EXERCISE DESCRIPTION -
The full listing below should be repeated exactly.

RECORD SET -

lemma path_occ_Cons_Suc:
  assumes "r \<in> block b"
  shows "path_occ l (b # c # \<sigma>) (Suc n) r = (\<Sum>t\<in>block c. Q r t * path_occ l (c # \<sigma>) n t) + (\<Sum>x\<in>block b. Q r x * path_occ l (b # c # \<sigma>) n x)
     + (if b = l then path_surv (b # c # \<sigma>) (Suc n) r else 0)"
proof -
  have occ_step: "link_conv (\<lambda>_. 1) b c (path_occ l (c # \<sigma>)) (Suc n) r = (\<Sum>t\<in>block c. Q r t * path_occ l (c # \<sigma>) n t) + (\<Sum>x\<in>block b. Q r x * link_conv (\<lambda>_. 1) b c (path_occ l (c # \<sigma>)) n x)"
    using link_conv_Suc[OF assms, of "\<lambda>_. 1" c "path_occ l (c # \<sigma>)" n] by simp
  have weighted_step: "link_conv (\<lambda>m. real m + 1) b c (path_surv (c # \<sigma>)) (Suc n) r = (\<Sum>t\<in>block c. Q r t * path_surv (c # \<sigma>) n t)
      + (\<Sum>x\<in>block b. Q r x * (link_conv (\<lambda>m. real m + 1) b c (path_surv (c # \<sigma>)) n x + link_conv (\<lambda>_. 1) b c (path_surv (c # \<sigma>)) n x))"
  proof -
    have shifted_weight: "(\<lambda>m. real (Suc m) + 1) = (\<lambda>m. (real m + 1) + 1)" by auto
    show ?thesis using link_conv_Suc[OF assms, of "\<lambda>m. real m + 1" c "path_surv (c # \<sigma>)" n]
      unfolding shifted_weight link_conv_add by simp
  qed
  show ?thesis
  proof (cases "b = l")
    case True
    have "path_occ l (b # c # \<sigma>) (Suc n) r = link_conv (\<lambda>_. 1) b c (path_occ l (c # \<sigma>)) (Suc n) r + link_conv (\<lambda>m. real m + 1) b c (path_surv (c # \<sigma>)) (Suc n) r"
      using True by simp
    also have "\<dots> = (\<Sum>t\<in>block c. Q r t * path_occ l (c # \<sigma>) n t) + (\<Sum>x\<in>block b. Q r x * path_occ l (b # c # \<sigma>) n x)
       + ((\<Sum>t\<in>block c. Q r t * path_surv (c # \<sigma>) n t) + (\<Sum>x\<in>block b. Q r x * path_surv (b # c # \<sigma>) n x))"
      unfolding occ_step weighted_step using True by (simp add: sum.distrib distrib_left algebra_simps)
    also have "(\<Sum>t\<in>block c. Q r t * path_surv (c # \<sigma>) n t) + (\<Sum>x\<in>block b. Q r x * path_surv (b # c # \<sigma>) n x) = path_surv (b # c # \<sigma>) (Suc n) r"
      using path_surv_Cons_Suc[OF assms] by simp
    finally show ?thesis using True by simp
  next
    case False
    then show ?thesis using occ_step by simp
  qed
qed

definition dec_paths :: "nat \<Rightarrow> nat list set" where
  "dec_paths i = {\<sigma>. \<sigma> \<noteq> [] \<and> hd \<sigma> = i \<and> sorted_wrt (>) \<sigma> \<and> set \<sigma> \<subseteq> {1..k}}"

lemma finite_dec_paths: "finite (dec_paths i)"
proof -
  have "dec_paths i \<subseteq> {xs. set xs \<subseteq> {1..k} \<and> length xs \<le> k}"
  proof
    fix \<sigma> assume "\<sigma> \<in> dec_paths i"
    then have s: "sorted_wrt (>) \<sigma>" "set \<sigma> \<subseteq> {1..k}" unfolding dec_paths_def by auto
    have "distinct \<sigma>" using s(1) by (induction \<sigma>) auto
    then have "length \<sigma> = card (set \<sigma>)" by (simp add: distinct_card)
    also have "\<dots> \<le> card {1..k}" using s(2) by (intro card_mono) auto
    finally show "\<sigma> \<in> {xs. set xs \<subseteq> {1..k} \<and> length xs \<le> k}" using s(2) by simp
  qed
  moreover have "finite {xs. set xs \<subseteq> {1..k} \<and> length xs \<le> k}"
    by (rule finite_lists_length_le) simp
  ultimately show ?thesis by (rule finite_subset)
qed

lemma dec_paths_eq:
  assumes i: "i \<in> {1..k}"
  shows "dec_paths i = insert [i] (\<Union>j\<in>{1..<i}. (\<lambda>\<sigma>. i # \<sigma>) ` dec_paths j)"
proof (rule set_eqI)
  fix \<sigma>
  show "\<sigma> \<in> dec_paths i \<longleftrightarrow> \<sigma> \<in> insert [i] (\<Union>j\<in>{1..<i}. (\<lambda>\<sigma>. i # \<sigma>) ` dec_paths j)"
  proof
    assume A: "\<sigma> \<in> dec_paths i"
    then obtain \<tau> where \<sigma>: "\<sigma> = i # \<tau>" unfolding dec_paths_def by (cases \<sigma>) auto
    show "\<sigma> \<in> insert [i] (\<Union>j\<in>{1..<i}. (\<lambda>\<sigma>. i # \<sigma>) ` dec_paths j)"
    proof (cases \<tau>)
      case Nil then show ?thesis using \<sigma> by simp
    next
      case (Cons j \<tau>')
      have "j \<in> {1..<i}" using A \<sigma> Cons unfolding dec_paths_def by auto
      moreover have "\<tau> \<in> dec_paths j" using A \<sigma> Cons unfolding dec_paths_def by auto
      ultimately show ?thesis using \<sigma> by auto
    qed
  next
    assume "\<sigma> \<in> insert [i] (\<Union>j\<in>{1..<i}. (\<lambda>\<sigma>. i # \<sigma>) ` dec_paths j)"
    then show "\<sigma> \<in> dec_paths i"
    proof
      assume "\<sigma> = [i]" then show ?thesis using i unfolding dec_paths_def by auto
    next
      assume "\<sigma> \<in> (\<Union>j\<in>{1..<i}. (\<lambda>\<sigma>. i # \<sigma>) ` dec_paths j)"
      then obtain j \<tau> where j: "j \<in> {1..<i}" "\<tau> \<in> dec_paths j" "\<sigma> = i # \<tau>" by auto
      then obtain \<tau>' where \<tau>: "\<tau> = j # \<tau>'" unfolding dec_paths_def by (cases \<tau>) auto
      have "\<forall>x\<in>set \<tau>. x < i"
      proof
        fix x assume "x \<in> set \<tau>"
        then have "x = j \<or> x \<in> set \<tau>'" using \<tau> by auto
        moreover have "\<forall>y\<in>set \<tau>'. y < j" using j(2) \<tau> unfolding dec_paths_def by auto
        ultimately show "x < i" using j(1) by auto
      qed
      then show ?thesis using j i unfolding dec_paths_def by auto
    qed
  qed
qed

YOUR SOLUTION -
lemma path_occ_Cons_Suc:
  assumes "r \<in> block b"
  shows "path_occ l (b # c # \<sigma>) (Suc n) r = (\<Sum>t\<in>block c. Q r t * path_occ l (c # \<sigma>) n t) + (\<Sum>x\<in>block b. Q r x * path_occ l (b # c # \<sigma>) n x)
     + (if b = l then path_surv (b # c # \<sigma>) (Suc n) r else 0)"
proof -
  have occ_step: "link_conv (\<lambda>_. 1) b c (path_occ l (c # \<sigma>)) (Suc n) r = (\<Sum>t\<in>block c. Q r t * path_occ l (c # \<sigma>) n t) + (\<Sum>x\<in>block b. Q r x * link_conv (\<lambda>_. 1) b c (path_occ l (c # \<sigma>)) n x)"
    using link_conv_Suc[OF assms, of "\<lambda>_. 1" c "path_occ l (c # \<sigma>)" n] by simp
  have weighted_step: "link_conv (\<lambda>m. real m + 1) b c (path_surv (c # \<sigma>)) (Suc n) r = (\<Sum>t\<in>block c. Q r t * path_surv (c # \<sigma>) n t)
      + (\<Sum>x\<in>block b. Q r x * (link_conv (\<lambda>m. real m + 1) b c (path_surv (c # \<sigma>)) n x + link_conv (\<lambda>_. 1) b c (path_surv (c # \<sigma>)) n x))"
  proof -
    have shifted_weight: "(\<lambda>m. real (Suc m) + 1) = (\<lambda>m. (real m + 1) + 1)" by auto
    show ?thesis using link_conv_Suc[OF assms, of "\<lambda>m. real m + 1" c "path_surv (c # \<sigma>)" n]
      unfolding shifted_weight link_conv_add by simp
  qed
  show ?thesis
  proof (cases "b = l")
    case True
    have "path_occ l (b # c # \<sigma>) (Suc n) r = link_conv (\<lambda>_. 1) b c (path_occ l (c # \<sigma>)) (Suc n) r + link_conv (\<lambda>m. real m + 1) b c (path_surv (c # \<sigma>)) (Suc n) r"
      using True by simp
    also have "\<dots> = (\<Sum>t\<in>block c. Q r t * path_occ l (c # \<sigma>) n t) + (\<Sum>x\<in>block b. Q r x * path_occ l (b # c # \<sigma>) n x)
       + ((\<Sum>t\<in>block c. Q r t * path_surv (c # \<sigma>) n t) + (\<Sum>x\<in>block b. Q r x * path_surv (b # c # \<sigma>) n x))"
      unfolding occ_step weighted_step using True by (simp add: sum.distrib distrib_left algebra_simps)
    also have "(\<Sum>t\<in>block c. Q r t * path_surv (c # \<sigma>) n t) + (\<Sum>x\<in>block b. Q r x * path_surv (b # c # \<sigma>) n x) = path_surv (b # c # \<sigma>) (Suc n) r"
      using path_surv_Cons_Suc[OF assms] by simp
    finally show ?thesis using True by simp
  next
    case False
    then show ?thesis using occ_step by simp
  qed
qed

definition dec_paths :: "nat \<Rightarrow> nat list set" where
  "dec_paths i = {\<sigma>. \<sigma> \<noteq> [] \<and> hd \<sigma> = i \<and> sorted_wrt (>) \<sigma> \<and> set \<sigma> \<subseteq> {1..k}}"

lemma finite_dec_paths: "finite (dec_paths i)"
proof -
  have "dec_paths i \<subseteq> {xs. set xs \<subseteq> {1..k} \<and> length xs \<le> k}"
  proof
    fix \<sigma> assume "\<sigma> \<in> dec_paths i"
    then have s: "sorted_wrt (>) \<sigma>" "set \<sigma> \<subseteq> {1..k}" unfolding dec_paths_def by auto
    have "distinct \<sigma>" using s(1) by (induction \<sigma>) auto
    then have "length \<sigma> = card (set \<sigma>)" by (simp add: distinct_card)
    also have "\<dots> \<le> card {1..k}" using s(2) by (intro card_mono) auto
    finally show "\<sigma> \<in> {xs. set xs \<subseteq> {1..k} \<and> length xs \<le> k}" using s(2) by simp
  qed
  moreover have "finite {xs. set xs \<subseteq> {1..k} \<and> length xs \<le> k}"
    by (rule finite_lists_length_le) simp
  ultimately show ?thesis by (rule finite_subset)
qed

lemma dec_paths_eq:
  assumes i: "i \<in> {1..k}"
  shows "dec_paths i = insert [i] (\<Union>j\<in>{1..<i}. (\<lambda>\<sigma>. i # \<sigma>) ` dec_paths j)"
proof (rule set_eqI)
  fix \<sigma>
  show "\<sigma> \<in> dec_paths i \<longleftrightarrow> \<sigma> \<in> insert [i] (\<Union>j\<in>{1..<i}. (\<lambda>\<sigma>. i # \<sigma>) ` dec_paths j)"
  proof
    assume A: "\<sigma> \<in> dec_paths i"
    then obtain \<tau> where \<sigma>: "\<sigma> = i # \<tau>" unfolding dec_paths_def by (cases \<sigma>) auto
    show "\<sigma> \<in> insert [i] (\<Union>j\<in>{1..<i}. (\<lambda>\<sigma>. i # \<sigma>) ` dec_paths j)"
    proof (cases \<tau>)
      case Nil then show ?thesis using \<sigma> by simp
    next
      case (Cons j \<tau>')
      have "j \<in> {1..<i}" using A \<sigma> Cons unfolding dec_paths_def by auto
      moreover have "\<tau> \<in> dec_paths j" using A \<sigma> Cons unfolding dec_paths_def by auto
      ultimately show ?thesis using \<sigma> by auto
    qed
  next
    assume "\<sigma> \<in> insert [i] (\<Union>j\<in>{1..<i}. (\<lambda>\<sigma>. i # \<sigma>) ` dec_paths j)"
    then show "\<sigma> \<in> dec_paths i"
    proof
      assume "\<sigma> = [i]" then show ?thesis using i unfolding dec_paths_def by auto
    next
      assume "\<sigma> \<in> (\<Union>j\<in>{1..<i}. (\<lambda>\<sigma>. i # \<sigma>) ` dec_paths j)"
      then obtain j \<tau> where j: "j \<in> {1..<i}" "\<tau> \<in> dec_paths j" "\<sigma> = i # \<tau>" by auto
      then obtain \<tau>' where \<tau>: "\<tau> = j # \<tau>'" unfolding dec_paths_def by (cases \<tau>) auto
      have "\<forall>x\<in>set \<tau>. x < i"
      proof
        fix x assume "x \<in> set \<tau>"
        then have "x = j \<or> x \<in> set \<tau>'" using \<tau> by auto
        moreover have "\<forall>y\<in>set \<tau>'. y < j" using j(2) \<tau> unfolding dec_paths_def by auto
        ultimately show "x < i" using j(1) by auto
      qed
      then show ?thesis using j i unfolding dec_paths_def by auto
    qed
  qed
qed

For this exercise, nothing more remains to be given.